Potremmo anche menzionare i rapidi progressi della Spagna sulla via della grande industria. Ma consideriamo piuttosto il Brasile. Non l'avevano gli economisti condannato a coltivare eternamene il cotone, ad esportarlo allo stato grezzo, e a riceverne in compenso cotonine importate dall'Europa? E veramente, venti anni fa, il Brasile non contava che nove miserabili piccole manifatture di cotone, con 385 fusi. Oggi ne conta invece quarantasei, di cui cinque soltanto possiedono 40.000 fusi, e riversano ogni anno sul mercato trenta milioni di metri di cotonina.
Perfino il Messico si è dato alla fabbricazione delle cotonine, invece d'importarle dall'Europa. Gli Stati Uniti poi si sono completamente emancipati dalla tutela europea: la grande industria si è in essi trionfalmente sviluppata.
Spettava però alle Indie d'infliggere la più clamorosa smentita ai partigiani della specializzazione delle industrie nazionali.
La teoria che proclama la necessità per le grandi nazioni europee di posseder colonie è conosciutissima.
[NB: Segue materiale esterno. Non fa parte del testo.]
lemma binormal_helix_imp_tangent_helix:
  assumes "const_angle_field I binormal"
  shows "const_angle_field I t"
proof -
  obtain l e where l: "norm l = 1" and e: "\<And>s. s \<in> I \<Longrightarrow> binormal s \<bullet> l = e"
    using assms unfolding const_angle_field_def by blast
  consider (planar) "\<And>s. s \<in> I \<Longrightarrow> torsion s = 0" | (degenerate) "e\<^sup>2 \<ge> 1"
    | (twisted) s1 where "s1 \<in> I" "torsion s1 \<noteq> 0" "e\<^sup>2 < 1"
    by fastforce
  then show ?thesis
  proof cases
    case planar
    then obtain b where b: "\<And>s. s \<in> I \<Longrightarrow> binormal s = b"
      using has_vector_derivative_zero_constant[OF is_interval_convex[OF interval], of binormal]
        binormal_derivative by (metis has_vector_derivative_at_within scaleR_eq_0_iff neg_0_equal_iff_equal)
    obtain s0 where s0: "s0 \<in> I"
      using nonempty by blast
    have "norm b = 1"
      using b[OF s0] norm_binormal[OF s0] by simp
    moreover have "\<forall>s\<in>I. t s \<bullet> b = 0"
      using b inner_t_binormal by metis
    ultimately show ?thesis
      unfolding const_angle_field_def by blast
  next
    case degenerate
    then have "normal s \<bullet> l = 0" if "s \<in> I" for s
      using frame_components_sum_squares[OF that l] e[OF that]
      by (smt (verit) zero_le_power2 zero_less_power2)
    then show ?thesis
      using tangent_helix_if_normal_orthogonal[OF l] by blast
  next
    case twisted
    then show ?thesis
      using tangent_helix_if_normal_orthogonal[OF l] torsion_normal_component_eq_0[OF e]
        torsion_nonvanishing[OF l e] by (meson mult_eq_0_iff)
  qed
qed

theorem binormal_helix_iff_tangent_helix: "const_angle_field I binormal \<longleftrightarrow> const_angle_field I t"
  using binormal_helix_imp_tangent_helix tangent_helix_imp_binormal_helix by blast

end

lemma smooth_on_twice_differentiable:
  assumes "smooth_on I f"
  obtains f' f'' where "\<And>s. s \<in> I \<Longrightarrow> (f has_vector_derivative f' s) (at s)"
    and "\<And>s. s \<in> I \<Longrightarrow> (f' has_vector_derivative f'' s) (at s)"
    and "continuous_on I f''"
proof -
  obtain D where D0: "D 0 = f" and D: "\<And>n s. s \<in> I \<Longrightarrow> (D n has_vector_derivative D (Suc n) s) (at s)"
    using assms unfolding smooth_on_def by blast
  have "continuous_on I (D 2)"
    using D[of _ 2] by (meson continuous_at_imp_continuous_on has_vector_derivative_continuous)
  then show ?thesis
    using that[of "D 1" "D 2"] D[of _ 0] D[of _ 1] D0 by (simp add: numeral_2_eq_2)
qed

lemma cross3_Darboux_derivative:
  fixes xi v :: "real^3"
  assumes "xi \<bullet> xi = 1" "xi \<bullet> v = 0"
  shows "cross3 xi (G *\<^sub>R cross3 v xi + K *\<^sub>R v) = (- K) *\<^sub>R cross3 v xi + G *\<^sub>R v"
  using assms cross_skew[of xi v]
  by (simp add: cross_add_right cross_mult_right cross3_cross3_right inner_commute)

lemma Darboux_derivative_nonzero:
  fixes xi v :: "real^3"
  assumes "xi \<bullet> xi = 1" "v \<bullet> v = 1" "xi \<bullet> v = 0" "(G, K) \<noteq> (0, 0)"
  shows "G *\<^sub>R cross3 v xi + K *\<^sub>R v \<noteq> 0"
proof
  assume zero: "G *\<^sub>R cross3 v xi + K *\<^sub>R v = 0"
  have "(norm (cross3 v xi))\<^sup>2 = 1"
    using norm_cross_dot[of v xi] assms(1-3) by (simp add: inner_commute dot_square_norm power_mult_distrib)
  then have "cross3 v xi \<bullet> (G *\<^sub>R cross3 v xi + K *\<^sub>R v) = G"
    and "v \<bullet> (G *\<^sub>R cross3 v xi + K *\<^sub>R v) = K"
    using assms(2) by (simp_all add: inner_add_right dot_cross_self power2_norm_eq_inner)
  then show False
    using zero assms(4) by simp
qed

theorem theorem13:
  fixes I :: "real set"
    and r xi mu v :: "real \<Rightarrow> real^3"
    and G K T :: "real \<Rightarrow> real"
  assumes I: "is_interval I" "open I" "I \<noteq> {}"
    and r_smooth: "smooth_on I r"
    and arclength: "\<And>s. s \<in> I \<Longrightarrow> norm (vector_derivative r (at s)) = 1"
    and xi_smooth: "smooth_on I xi"
    and v_smooth: "smooth_on I v"
    and xi_unit: "\<And>s. s \<in> I \<Longrightarrow> norm (xi s) = 1"
    and v_unit: "\<And>s. s \<in> I \<Longrightarrow> norm (v s) = 1"
    and xi_in_plane: "\<And>s. s \<in> I \<Longrightarrow> xi s \<bullet> v s = 0"
    and mu_def: "\<And>s. s \<in> I \<Longrightarrow> mu s = cross3 (v s) (xi s)"
    and d_xi: "\<And>s. s \<in> I \<Longrightarrow> (xi has_vector_derivative (G s *\<^sub>R mu s + K s *\<^sub>R v s)) (at s)"
    and d_mu: "\<And>s. s \<in> I \<Longrightarrow> (mu has_vector_derivative (- G s *\<^sub>R xi s + T s *\<^sub>R v s)) (at s)"
    and d_v: "\<And>s. s \<in> I \<Longrightarrow> (v has_vector_derivative (- K s *\<^sub>R xi s - T s *\<^sub>R mu s)) (at s)"
    and GK_nonzero: "\<And>s. s \<in> I \<Longrightarrow> (G s, K s) \<noteq> (0, 0)"
  shows "Wn_helix I G K mu v \<longleftrightarrow> xi_helix I xi"
proof -
  obtain xi' xi'' where xi'_derivative: "\<And>s. s \<in> I \<Longrightarrow> (xi has_vector_derivative xi' s) (at s)"
    and xi''_derivative: "\<And>s. s \<in> I \<Longrightarrow> (xi' has_vector_derivative xi'' s) (at s)"
    and "continuous_on I xi''"
    using smooth_on_twice_differentiable[OF xi_smooth] by blast
  have xi': "xi' s = G s *\<^sub>R cross3 (v s) (xi s) + K s *\<^sub>R v s" if "s \<in> I" for s
    using xi'_derivative[OF that] d_xi[OF that] mu_def[OF that] by (simp add: vector_derivative_unique_at)
  have frame: "xi s \<bullet> xi s = 1" "v s \<bullet> v s = 1" if "s \<in> I" for s
    using xi_unit[OF that] v_unit[OF that] by (simp_all add: dot_square_norm)
  interpret regular_spherical_curve I xi xi' xi''
  proof
    show "xi' s \<noteq> 0" if "s \<in> I" for s
      using Darboux_derivative_nonzero[OF frame[OF that] xi_in_plane[OF that] GK_nonzero[OF that]]
        xi'[OF that] by simp
  qed (use I xi_unit xi'_derivative xi''_derivative \<open>continuous_on I xi''\<close> in auto)
  have "unit_ND_vector G K mu v s = binormal s" if "s \<in> I" for s
  proof -
    have "ND_vector G K mu v s = cross3 (xi s) (xi' s)"
      unfolding ND_vector_def xi'[OF that] mu_def[OF that]
      using cross3_Darboux_derivative[OF frame(1)[OF that] xi_in_plane[OF that]] by simp
    then show ?thesis
      by (simp add: unit_ND_vector_def norm_cross_t_t'[OF that] binormal_eq_scaled_cross)
  qed
  then show ?thesis
    unfolding Wn_helix_def xi_helix_def
    using const_angle_field_cong binormal_helix_iff_tangent_helix by metis
qed

end
definition consensus_drift ::
  "('n::finite \<Rightarrow> 'n \<Rightarrow> bool) \<Rightarrow> ('n \<Rightarrow> real^'d \<Rightarrow> real^'d) \<Rightarrow> real \<Rightarrow> real \<Rightarrow> real^'d^'n \<Rightarrow> real^'d^'n"
  where "consensus_drift E g b a X = X - b *\<^sub>R kron_lap (graph_laplacian E) X - a *\<^sub>R (\<chi> n. g n (X $ n))"

lemma consensus_drift_norm_sq_bound:
  fixes g :: "'n::finite \<Rightarrow> real^'d \<Rightarrow> real^'d"
  assumes lip: "\<And>n. K-lipschitz_on UNIV (g n)" and outward: "\<And>n y. C1 \<le> norm y \<Longrightarrow> 0 \<le> y \<bullet> g n y"
    and E: "undirected_graph E"
  obtains A C where "0 \<le> A" "0 \<le> C"
    and "\<And>b a X. 0 \<le> a \<Longrightarrow> 0 \<le> b \<Longrightarrow> b * real CARD('n) \<le> 1 \<Longrightarrow>
      (norm (consensus_drift E g b a X))\<^sup>2 \<le> (1 + A * (a * b + a\<^sup>2)) * (norm X)\<^sup>2 + C * (a + a * b + a\<^sup>2)"
proof -
  obtain Cg where Cg: "0 \<le> Cg" "\<And>X. - Cg \<le> X \<bullet> (\<chi> n. g n (X $ n))"
    using inner_outward_field_lower_bound[of K g C1, OF lip outward] by blast
  define N where "N = real CARD('n)"
  define G where "G = norm (\<chi> n. g n ((0 :: real^'d^'n) $ n))"
  define A where "A = 2 * N + 4 * N * K\<^sup>2 + 2 * K\<^sup>2"
  define C where "C = 2 * Cg + 4 * N * G\<^sup>2 + 2 * G\<^sup>2"
  have "(norm (consensus_drift E g b a X))\<^sup>2 \<le> (1 + A * (a * b + a\<^sup>2)) * (norm X)\<^sup>2 + C * (a + a * b + a\<^sup>2)"
    if a: "0 \<le> a" and b: "0 \<le> b" "b * N \<le> 1" for a b and X :: "real^'d^'n"
  proof -
    define v where "v = (\<chi> n. g n (X $ n))"
    have "norm v \<le> G + K * norm X"
      unfolding v_def G_def by (rule norm_le_lipschitz[OF lipschitz_on_vec_lambda_nth[OF lip]])
    then have "(norm v)\<^sup>2 \<le> (G + K * norm X)\<^sup>2"
      by (rule power_mono) simp
    then have v: "(norm v)\<^sup>2 \<le> 2 * G\<^sup>2 + 2 * K\<^sup>2 * (norm X)\<^sup>2"
      using sq_sum_le_twice_sum_sq[of G "K * norm X"] by (simp add: power_mult_distrib)
    have "(norm (consensus_drift E g b a X))\<^sup>2
        \<le> (1 + 2 * a * b * N) * (norm X)\<^sup>2 + 2 * a * Cg + (2 * a * b * N + a\<^sup>2) * (norm v)\<^sup>2"
      unfolding consensus_drift_def v_def N_def
      using norm_consensus_gradient_step_sq_le[OF E a b[unfolded N_def] Cg(2)] .
    also have "\<dots> \<le> (1 + 2 * a * b * N) * (norm X)\<^sup>2 + 2 * a * Cg
        + (2 * a * b * N + a\<^sup>2) * (2 * G\<^sup>2 + 2 * K\<^sup>2 * (norm X)\<^sup>2)"
      using v a b by (intro add_left_mono mult_left_mono) (simp_all add: N_def)
    also have "\<dots> \<le> (1 + A * (a * b + a\<^sup>2)) * (norm X)\<^sup>2 + C * (a + a * b + a\<^sup>2)"
    proof -
      have "0 \<le> (a * b * (2 * K\<^sup>2) + a\<^sup>2 * (2 * N + 4 * N * K\<^sup>2)) * (norm X)\<^sup>2
          + a * (4 * N * G\<^sup>2 + 2 * G\<^sup>2) + a * b * (2 * Cg + 2 * G\<^sup>2) + a\<^sup>2 * (2 * Cg + 4 * N * G\<^sup>2)"
        using a b Cg(1) by (simp add: N_def)
      then show ?thesis
        by (simp add: A_def C_def algebra_simps power2_eq_square)
    qed
    finally show ?thesis .
  qed
  moreover have "0 \<le> A" "0 \<le> C"
    using Cg(1) by (simp_all add: A_def C_def N_def)
  ultimately show thesis
    using that unfolding N_def by blast
qed

lemma norm_consensus_drift_le:
  fixes g :: "'n::finite \<Rightarrow> real^'d \<Rightarrow> real^'d"
  assumes lip: "\<And>n. K-lipschitz_on UNIV (g n)" and E: "undirected_graph E"
  shows "norm (consensus_drift E g b a X)
    \<le> (1 + \<bar>b\<bar> * (2 * real CARD('n)) + \<bar>a\<bar> * K) * norm X + \<bar>a\<bar> * norm (\<chi> n. g n ((0 :: real^'d^'n) $ n))"
proof -
  have "norm (consensus_drift E g b a X)
      \<le> norm X + \<bar>b\<bar> * norm (kron_lap (graph_laplacian E) X) + \<bar>a\<bar> * norm (\<chi> n. g n (X $ n))"
    unfolding consensus_drift_def
    using norm_triangle_ineq4[of "X - b *\<^sub>R kron_lap (graph_laplacian E) X" "a *\<^sub>R (\<chi> n. g n (X $ n))"]
      norm_triangle_ineq4[of X "b *\<^sub>R kron_lap (graph_laplacian E) X"]
    by simp
  also have "\<dots> \<le> norm X + \<bar>b\<bar> * (2 * real CARD('n) * norm X)
      + \<bar>a\<bar> * (norm (\<chi> n. g n ((0 :: real^'d^'n) $ n)) + K * norm X)"
    using norm_kron_lap_le[OF E, of X] norm_le_lipschitz[OF lipschitz_on_vec_lambda_nth[OF lip], where y = X]
    by (intro add_mono mult_left_mono order_refl) auto
  finally show ?thesis
    by (simp add: algebra_simps)
qed

lemma borel_measurable_consensus_drift:
  fixes g :: "'n::finite \<Rightarrow> real^'d \<Rightarrow> real^'d"
  assumes lip: "\<And>n. K-lipschitz_on UNIV (g n)"
  shows "consensus_drift E g b a \<in> borel_measurable borel"
proof -
  have "continuous_on UNIV (\<lambda>X::real^'d^'n. \<chi> n. g n (X $ n))"
    using lipschitz_on_continuous_on[OF lipschitz_on_vec_lambda_nth[OF lip]] .
  moreover have "continuous_on UNIV (kron_lap (graph_laplacian E) :: real^'d^'n \<Rightarrow> _)"
    unfolding kron_lap_def by (intro continuous_intros)
  ultimately have "continuous_on UNIV (consensus_drift E g b a)"
    unfolding consensus_drift_def by (intro continuous_on_diff continuous_on_scaleR continuous_on_const continuous_on_id)
  then show ?thesis
    by (rule borel_measurable_continuous_onI)
qed

section \<open>Step sizes and a discrete Gronwall inequality\<close>

lemma step_size_rates:
  fixes \<alpha> \<beta> \<gamma> :: "nat \<Rightarrow> real"
  assumes "0 \<le> c\<alpha>" "0 \<le> c\<beta>"
    and "\<exists>T. \<forall>t\<ge>T. \<alpha> t = c\<alpha> / real t \<and> \<beta> t = c\<beta> / real t powr \<tau>
      \<and> \<gamma> t = c\<gamma> / (sqrt (real t) * sqrt (ln (ln (real t))))"
  shows "\<forall>\<^sub>F t in sequentially. 0 \<le> \<alpha> t \<and> \<alpha> t \<le> c\<alpha> / real t
    \<and> 0 \<le> \<beta> t \<and> \<beta> t \<le> c\<beta> * real t powr - \<tau> \<and> (\<gamma> t)\<^sup>2 \<le> c\<gamma>\<^sup>2 / real t"
proof -
  have "filterlim (\<lambda>t. ln (ln (real t))) at_top sequentially"
    by (intro filterlim_compose[OF ln_at_top] filterlim_real_sequentially)
  then have "\<forall>\<^sub>F t in sequentially. 1 \<le> ln (ln (real t))"
    by (simp add: filterlim_at_top)
  moreover have "\<forall>\<^sub>F t in sequentially. \<alpha> t = c\<alpha> / real t \<and> \<beta> t = c\<beta> / real t powr \<tau>
      \<and> \<gamma> t = c\<gamma> / (sqrt (real t) * sqrt (ln (ln (real t))))"
    using assms(3) unfolding eventually_sequentially by blast
  ultimately show ?thesis
    using eventually_gt_at_top[of 0]
  proof eventually_elim
    case (elim t)
    then have "(\<gamma> t)\<^sup>2 = c\<gamma>\<^sup>2 / (real t * ln (ln (real t)))"
      by (simp add: power_divide power_mult_distrib)
    also have "\<dots> \<le> c\<gamma>\<^sup>2 / real t"
      using elim by (intro divide_left_mono) (auto intro: mult_left_le_one_le order_trans[OF _ mult_right_mono])
    finally show ?case
      using elim assms(1,2) by (simp add: powr_minus divide_inverse)
  qed
qed

lemma step_size_powers:
  fixes t \<tau> a b ca cb :: real
  assumes t: "1 \<le> t" and a: "0 \<le> a" "a \<le> ca / t" and b: "0 \<le> b" "b \<le> cb * t powr - \<tau>"
  shows "0 \<le> ca" "0 \<le> cb" "a \<le> ca * t powr - 1" "a\<^sup>2 \<le> ca\<^sup>2 * t powr - 2"
    and "a * b \<le> ca * cb * t powr - (1 + \<tau>)"
proof -
  have t0: "0 < t"
    using t by simp
  have "0 \<le> ca / t" "0 \<le> cb * t powr - \<tau>"
    using a b by linarith+
  then show ca: "0 \<le> ca" and "0 \<le> cb"
    using t0 by (simp_all add: zero_le_divide_iff zero_le_mult_iff)
  show a_le: "a \<le> ca * t powr - 1"
    using a(2) t0 by (simp add: powr_minus_divide divide_inverse)
  have "t powr - 2 = 1 / t\<^sup>2"
    using t0 by (simp add: powr_minus powr_numeral divide_inverse)
  then show "a\<^sup>2 \<le> ca\<^sup>2 * t powr - 2"
    using power_mono[OF a(2) a(1), of 2] by (simp add: power_divide)
  have "a * b \<le> (ca * t powr - 1) * (cb * t powr - \<tau>)"
    by (rule mult_mono[OF a_le b(2)]) (simp_all add: ca b(1))
  also have "\<dots> = ca * cb * t powr - (1 + \<tau>)"
    using powr_add[of t "- 1" "- \<tau>"] by (simp add: mult_ac)
  finally show "a * b \<le> ca * cb * t powr - (1 + \<tau>)" .
qed

lemma step_size_relative_error:
  fixes t \<delta> \<tau> a b A ca cb :: real
  assumes t: "1 \<le> t" and \<delta>: "0 < \<delta>" "\<delta> \<le> \<tau>" "\<delta> \<le> 1"
    and a: "0 \<le> a" "a \<le> ca / t" and b: "0 \<le> b" "b \<le> cb * t powr - \<tau>" and A: "0 \<le> A"
  shows "(1 + t powr - (1 + \<delta>)) * (1 + A * (a * b + a\<^sup>2)) \<le> 1 + (1 + 2 * A * (ca * cb + ca\<^sup>2)) * t powr - (1 + \<delta>)"
proof -
  note powers = step_size_powers[OF t a b]
  define e where "e = t powr - (1 + \<delta>)"
  have e: "0 < e" "e \<le> 1"
    unfolding e_def using powr_mono[of "- (1 + \<delta>)" 0 t] \<delta> t by auto
  have "a * b + a\<^sup>2 \<le> (ca * cb + ca\<^sup>2) * e"
    using powers mult_left_mono[OF powr_mono[of "- (1 + \<tau>)" "- (1 + \<delta>)" t], of "ca * cb"]
      mult_left_mono[OF powr_mono[of "- 2" "- (1 + \<delta>)" t], of "ca\<^sup>2"] \<delta> t
    by (simp add: e_def algebra_simps)
  then have "(1 + e) * A * (a * b + a\<^sup>2) \<le> 2 * A * ((ca * cb + ca\<^sup>2) * e)"
    using e A a b by (intro mult_mono) auto
  then show ?thesis
    unfolding e_def[symmetric] by (simp add: algebra_simps)
qed

lemma step_size_forcing:
  fixes t \<delta> \<tau> a b c C D B ca cb cc :: real
  assumes t: "1 \<le> t" and \<delta>: "0 < \<delta>" "\<delta> \<le> \<tau>"
    and a: "0 \<le> a" "a \<le> ca / t" and b: "0 \<le> b" "b \<le> cb * t powr - \<tau>" and c: "0 \<le> c" "c \<le> cc / t"
    and nonneg: "0 \<le> C" "0 \<le> D" "0 \<le> B"
  defines "e \<equiv> t powr - (1 + \<delta>)"
  shows "(1 + e) * (C * (a + a * b + a\<^sup>2) + c * D) + (1 + 1 / e) * (a\<^sup>2 * B)
    \<le> (2 * (C * (ca + ca * cb + ca\<^sup>2) + cc * D) + 2 * ca\<^sup>2 * B) * t powr (\<delta> - 1)"
proof -
  note powers = step_size_powers[OF t a b]
  define q where "q = t powr (\<delta> - 1)"
  have e: "0 < e" "e \<le> 1"
    unfolding e_def using powr_mono[of "- (1 + \<delta>)" 0 t] \<delta> t by auto
  have "a + a * b + a\<^sup>2 \<le> (ca + ca * cb + ca\<^sup>2) * q"
    using powers mult_left_mono[OF powr_mono[of "- 1" "\<delta> - 1" t], of ca]
      mult_left_mono[OF powr_mono[of "- (1 + \<tau>)" "\<delta> - 1" t], of "ca * cb"]
      mult_left_mono[OF powr_mono[of "- 2" "\<delta> - 1" t], of "ca\<^sup>2"] \<delta> t
    by (simp add: q_def algebra_simps)
  then have "C * (a + a * b + a\<^sup>2) \<le> C * ((ca + ca * cb + ca\<^sup>2) * q)"
    using nonneg(1) by (rule mult_left_mono)
  moreover have "c \<le> cc * q"
  proof -
    have "0 \<le> cc / t"
      using c by linarith
    then have cc: "0 \<le> cc"
      using t by (simp add: zero_le_divide_iff)
    have "c \<le> cc * t powr - 1"
      using c(2) t by (simp add: powr_minus_divide divide_inverse)
    also have "\<dots> \<le> cc * q"
      unfolding q_def using cc \<delta> t by (intro mult_left_mono powr_mono) auto
    finally show ?thesis .
  qed
  then have "c * D \<le> cc * q * D"
    using nonneg(2) by (rule mult_right_mono)
  ultimately have "C * (a + a * b + a\<^sup>2) + c * D \<le> (C * (ca + ca * cb + ca\<^sup>2) + cc * D) * q"
    by (simp add: algebra_simps)
  moreover have "0 \<le> C * (a + a * b + a\<^sup>2) + c * D"
    using a b c nonneg by simp
  ultimately have first: "(1 + e) * (C * (a + a * b + a\<^sup>2) + c * D) \<le> 2 * ((C * (ca + ca * cb + ca\<^sup>2) + cc * D) * q)"
    using e by (intro mult_mono) auto
  have "(1 + 1 / e) * (a\<^sup>2 * B) \<le> (2 / e) * (a\<^sup>2 * B)"
    using e nonneg by (intro mult_right_mono) (auto simp: field_simps)
  also have "\<dots> \<le> 2 * B * (ca\<^sup>2 * (t powr - 2 / e))"
    using powers(4) e nonneg by (simp add: field_simps mult_left_mono)
  also have "t powr - 2 / e = q"
    unfolding e_def q_def using t by (simp add: powr_diff[symmetric])
  finally show ?thesis
    using first by (simp add: q_def algebra_simps)
qed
Queste colonie debbono inviare alla metropoli i loro prodotti grezzi: fibra cotonifera, lana appena tosata, droghe, ecc. E la madre patria rimanderà loro questi prodotti dopo averli «manifatturati», cioè stoffe bruciate, ferri vecchi sotto forma di macchine disusate - in breve, tutto ciò di cui essa non ha bisogno, che le costa poco o nulla, ma che non venderà meno per questo ad un prezzo eccessivo.
Questa era la teoria; e tale fu per lungo tempo la pratica che ad essa si uniformò. Mentre si rovinavano le Indie, a Londra e a Manchester si accumulavano patrimoni alle loro spese.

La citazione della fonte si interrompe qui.